### Exercise aim
Search the entries below for the word "shows" and copy each line that has it.

### Task material
(* Let $n\ge2$, $A\in\mathbb{R}^{n\times m}$, $B\in\mathbb{R}^{m\times n}$, and let $C$ be a cycle in the DSR$^{[2]}$ graph $G^{[2]}_{A,B}$. Then $C$ is direct if it has an even number of inversions, and twisted otherwise.
   Context: DSR graphs: for $A\in\mathbb{R}^{n\times m}$, $B\in\mathbb{R}^{m\times n}$, $G_{A,B}$ is the signed bipartite digraph with S-vertices $S_1,\dots,S_n$ and R-vertices $R_1,\dots,R_m$, an arc $R_j\to S_i$ of sign $\mathrm{sign}(A_{ij})$ iff $A_{ij}\ne0$, an arc $S_i\to R_j$ of sign $\mathrm{sign}(B_{ji})$ iff $B_{ji}\ne0$, with antiparallel arcs of equal sign merged into an undirected edge. Walks traverse edges consistently with orientation; a cycle is a nonempty closed walk with no repeated vertex except first$=$last. DSR$^{[2]}$ graph: $\overline{\mathbf L}^A\in\mathbb{R}^{\binom n2\times mn}$ has rows indexed by $(i,j)$, $i<j$, columns by $(k,l)$, $1\le k\le m$, $1\le l\le n$, with entries $A_{jk}$ if $l=i$, $-A_{ik}$ if $l=j$, $0$ otherwise; $\underline{\mathbf L}^B\in\mathbb{R}^{mn\times\binom n2}$ has $(k,l),(i,j)$ entry $B_{kj}$ if $l=i$, $-B_{ki}$ if $l=j$, $0$ otherwise. $G^{[2]}_{A,B}:=G_{\overline{\mathbf L}^A,\underline{\mathbf L}^B}$, with S-vertices written $ij=ji$ and R-vertices $k^l$; an edge $(ij,k^l)$ exists only if $l\in\{i,j\}$. The projection $\pi$ sends an edge $(ij,k^j)$ of $G^{[2]}_{A,B}$ to the edge $(S_i,R_k)$ of $G_{A,B}$. Direct/twisted: let $C$ be a cycle of $G^{[2]}_{A,B}$ with S-vertex sequence $a_1b_1,a_2b_2,\dots,a_{T+1}b_{T+1}=a_1b_1$, and write the segment of $C$ from $a_rb_r$ to $a_{r+1}b_{r+1}$ as $(a_rb_r,k^l,a_{r+1}b_{r+1})$ with $l$ the common index; its projection is a length-2 walk in $G_{A,B}$ from $S_x$ to $S_y$, where $x$ is the element of $\{a_r,b_r\}$ other than $l$ and $y$ the element of $\{a_{r+1},b_{r+1}\}$ other than $l$. Starting from the two empty walks at $S_{a_1}$ and $S_{b_1}$, for $r=1,\dots,T$ append this projected segment to whichever of the two current walks ends at $S_x$ (the two current walks always end at the two distinct vertices $S_{a_r},S_{b_r}$). The resulting walks $W',W''$ are either both closed, in which case $C$ is called direct, or one goes from $S_{a_1}$ to $S_{b_1}$ and the other back, in which case $C$ is called twisted. Inversions: two consecutive S-vertices of $C$ (including the last and first) are distinct and share exactly one index; writing them as $ij$ and $ij'$ with common index $i$, the pair is an inversion if $(i-j)(i-j')<0$. *)

theory Defs
  imports Complex_Main
begin

datatype ('s, 'r) dsr_vertex = SV (sidx: 's) | RV (ridx: 'r)

(* Arcs of the DSR graph G_{A,B} with S-index set SS and R-index set RR:
   R_c -> S_s iff A s c ~= 0,  S_s -> R_c iff B c s ~= 0.
   Signs are irrelevant for traversability; an undirected (merged) edge
   can be traversed in both directions, which is exactly the union of the
   two arc relations below. *)
definition dsr_arc ::
  "'s set \<Rightarrow> 'r set \<Rightarrow> ('s \<Rightarrow> 'r \<Rightarrow> real) \<Rightarrow> ('r \<Rightarrow> 's \<Rightarrow> real)
   \<Rightarrow> ('s, 'r) dsr_vertex \<Rightarrow> ('s, 'r) dsr_vertex \<Rightarrow> bool" where
  "dsr_arc SS RR A B u v \<longleftrightarrow>
     (\<exists>s\<in>SS. \<exists>c\<in>RR. (u = RV c \<and> v = SV s \<and> A s c \<noteq> 0)
                    \<or> (u = SV s \<and> v = RV c \<and> B c s \<noteq> 0))"

definition is_walk :: "('v \<Rightarrow> 'v \<Rightarrow> bool) \<Rightarrow> 'v list \<Rightarrow> bool" where
  "is_walk E w \<longleftrightarrow> w \<noteq> [] \<and> (\<forall>t. Suc t < length w \<longrightarrow> E (w ! t) (w ! Suc t))"

definition is_cycle :: "('v \<Rightarrow> 'v \<Rightarrow> bool) \<Rightarrow> 'v list \<Rightarrow> bool" where
  "is_cycle E w \<longleftrightarrow> is_walk E w \<and> length w \<ge> 2 \<and> hd w = last w \<and> distinct (butlast w)"

(* The DSR^[2] matrices; A is n x m (entries A i k, 1<=i<=n, 1<=k<=m),
   B is m x n (entries B k i).  Rows/columns of L^A: S-index (i,j) with i<j,
   R-index (k,l) with 1<=k<=m, 1<=l<=n. *)
definition LA :: "(nat \<Rightarrow> nat \<Rightarrow> real) \<Rightarrow> nat \<times> nat \<Rightarrow> nat \<times> nat \<Rightarrow> real" where
  "LA A ij kl = (case ij of (i, j) \<Rightarrow> case kl of (k, l) \<Rightarrow>
      if l = i then A j k else if l = j then - A i k else 0)"

definition LB :: "(nat \<Rightarrow> nat \<Rightarrow> real) \<Rightarrow> nat \<times> nat \<Rightarrow> nat \<times> nat \<Rightarrow> real" where
  "LB B kl ij = (case kl of (k, l) \<Rightarrow> case ij of (i, j) \<Rightarrow>
      if l = i then B k j else if l = j then - B k i else 0)"

definition S2 :: "nat \<Rightarrow> (nat \<times> nat) set" where
  "S2 n = {(i, j). 1 \<le> i \<and> i < j \<and> j \<le> n}"

definition R2 :: "nat \<Rightarrow> nat \<Rightarrow> (nat \<times> nat) set" where
  "R2 n m = {1..m} \<times> {1..n}"

definition dsr_graph :: "nat \<Rightarrow> nat \<Rightarrow> (nat \<Rightarrow> nat \<Rightarrow> real) \<Rightarrow> (nat \<Rightarrow> nat \<Rightarrow> real)
   \<Rightarrow> (nat, nat) dsr_vertex \<Rightarrow> (nat, nat) dsr_vertex \<Rightarrow> bool" where
  "dsr_graph n m A B = dsr_arc {1..n} {1..m} A B"

(* Arc relation of G^[2]_{A,B} := G_{L^A, L^B}; S-vertex ij (i<j) is SV (i,j),
   R-vertex k^l is RV (k,l) *)
definition dsr2_graph :: "nat \<Rightarrow> nat \<Rightarrow> (nat \<Rightarrow> nat \<Rightarrow> real) \<Rightarrow> (nat \<Rightarrow> nat \<Rightarrow> real)
   \<Rightarrow> (nat \<times> nat, nat \<times> nat) dsr_vertex \<Rightarrow> (nat \<times> nat, nat \<times> nat) dsr_vertex \<Rightarrow> bool" where
  "dsr2_graph n m A B = dsr_arc (S2 n) (R2 n m) (LA A) (LB B)"

(* For a closed walk w starting at an S-vertex, of length 2T+1:
   S-vertices a_r b_r = w!(2r), R-vertices k^l = w!(2r+1). *)
definition num_segs :: "('s, 'r) dsr_vertex list \<Rightarrow> nat" where
  "num_segs w = (length w - 1) div 2"

definition svert :: "(nat \<times> nat, nat \<times> nat) dsr_vertex list \<Rightarrow> nat \<Rightarrow> nat \<times> nat" where
  "svert w r = sidx (w ! (2 * r))"

definition rvert :: "(nat \<times> nat, nat \<times> nat) dsr_vertex list \<Rightarrow> nat \<Rightarrow> nat \<times> nat" where
  "rvert w r = ridx (w ! (2 * r + 1))"

definition other :: "nat \<times> nat \<Rightarrow> nat \<Rightarrow> nat" where
  "other p l = (if l = fst p then snd p else fst p)"

definition add_seg ::
  "(nat, nat) dsr_vertex list \<times> (nat, nat) dsr_vertex list \<Rightarrow> nat \<Rightarrow> nat \<Rightarrow> nat
   \<Rightarrow> (nat, nat) dsr_vertex list \<times> (nat, nat) dsr_vertex list" where
  "add_seg W x k y = (case W of (W1, W2) \<Rightarrow>
      if last W1 = SV x then (W1 @ [RV k, SV y], W2)
      else if last W2 = SV x then (W1, W2 @ [RV k, SV y])
      else (W1, W2))"

definition proj_walks :: "(nat \<times> nat, nat \<times> nat) dsr_vertex list
   \<Rightarrow> (nat, nat) dsr_vertex list \<times> (nat, nat) dsr_vertex list" where
  "proj_walks w =
     foldl (\<lambda>W r. let l = snd (rvert w r); k = fst (rvert w r) in
                 add_seg W (other (svert w r) l) k (other (svert w (Suc r)) l))
       ([SV (fst (svert w 0))], [SV (snd (svert w 0))]) [0..<num_segs w]"

definition is_direct :: "(nat \<times> nat, nat \<times> nat) dsr_vertex list \<Rightarrow> bool" where
  "is_direct w = (case proj_walks w of (W1, W2) \<Rightarrow> hd W1 = last W1 \<and> hd W2 = last W2)"

definition is_twisted :: "(nat \<times> nat, nat \<times> nat) dsr_vertex list \<Rightarrow> bool" where
  "is_twisted w = (case proj_walks w of (W1, W2) \<Rightarrow>
      hd W1 = SV (fst (svert w 0)) \<and> last W1 = SV (snd (svert w 0)) \<and>
      hd W2 = SV (snd (svert w 0)) \<and> last W2 = SV (fst (svert w 0)))"

definition is_inversion :: "nat \<times> nat \<Rightarrow> nat \<times> nat \<Rightarrow> bool" where
  "is_inversion p q \<longleftrightarrow> p \<noteq> q \<and>
     (\<exists>i j j'. {i, j} = {fst p, snd p} \<and> {i, j'} = {fst q, snd q} \<and>
              (int i - int j) * (int i - int j') < 0)"

definition num_inversions :: "(nat \<times> nat, nat \<times> nat) dsr_vertex list \<Rightarrow> nat" where
  "num_inversions w = card {r. r < num_segs w \<and> is_inversion (svert w r) (svert w (Suc r))}"

end

theory Submission imports Defs begin

text \<open>Walk along the S-vertices \<open>a\<^sub>rb\<^sub>r\<close> of the cycle, keeping track of which of the two
  projected walks ends at the smaller index \<open>a\<^sub>r\<close>. A segment through \<open>k\<^sup>l\<close> moves the walk
  ending at the partner of \<open>l\<close> to the partner of \<open>l\<close> in \<open>a\<^sub>r\<^sub>+\<^sub>1b\<^sub>r\<^sub>+\<^sub>1\<close>; so the roles
  "smaller/larger end" are swapped exactly when that partner changes side of \<open>l\<close>, i.e. at
  an inversion. After a full turn the S-vertex is \<open>a\<^sub>1b\<^sub>1\<close> again, so the walks are closed
  iff the roles were swapped an even number of times.\<close>

lemma other_pair:
  assumes "a \<noteq> b" "l = a \<or> l = b"
  shows "{l, other (a, b) l} = {a, b}" and "other (a, b) l \<noteq> l"
  using assms unfolding other_def by auto

lemma is_inversionI:
  assumes "p \<noteq> q" "{i, j} = {fst p, snd p}" "{i, j'} = {fst q, snd q}"
    and "(int i - int j) * (int i - int j') < 0"
  shows "is_inversion p q"
  using assms unfolding is_inversion_def by blast

lemma is_inversion_iff_side_change:
  fixes a b a' b' l :: nat
  assumes "a < b" "a' < b'" "l = a \<or> l = b" "l = a' \<or> l = b'"
  shows "is_inversion (a, b) (a', b') \<longleftrightarrow>
           (a, b) \<noteq> (a', b') \<and> (l < other (a, b) l \<longleftrightarrow> \<not> l < other (a', b') l)"
proof
  assume "is_inversion (a, b) (a', b')"
  then obtain i j j' where "{i, j} = {a, b}" "{i, j'} = {a', b'}"
      "(int i - int j) * (int i - int j') < 0" "(a, b) \<noteq> (a', b')"
    unfolding is_inversion_def by auto
  then show "(a, b) \<noteq> (a', b') \<and> (l < other (a, b) l \<longleftrightarrow> \<not> l < other (a', b') l)"
    using assms unfolding other_def doubleton_eq_iff by (auto simp: mult_less_0_iff)
next
  assume side: "(a, b) \<noteq> (a', b') \<and> (l < other (a, b) l \<longleftrightarrow> \<not> l < other (a', b') l)"
  note pair = other_pair[OF less_imp_neq[OF assms(1)] assms(3)]
    other_pair[OF less_imp_neq[OF assms(2)] assms(4)]
  have "(int l - int (other (a, b) l)) * (int l - int (other (a', b') l)) < 0"
    using side pair(2,4) assms by (auto simp: mult_less_0_iff)
  then show "is_inversion (a, b) (a', b')"
    using side pair(1,3) by (intro is_inversionI) simp_all
qed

### Answer for this exercise
  shows "{l, other (a, b) l} = {a, b}" and "other (a, b) l \<noteq> l"
  shows "is_inversion p q"
  shows "is_inversion (a, b) (a', b') \<longleftrightarrow>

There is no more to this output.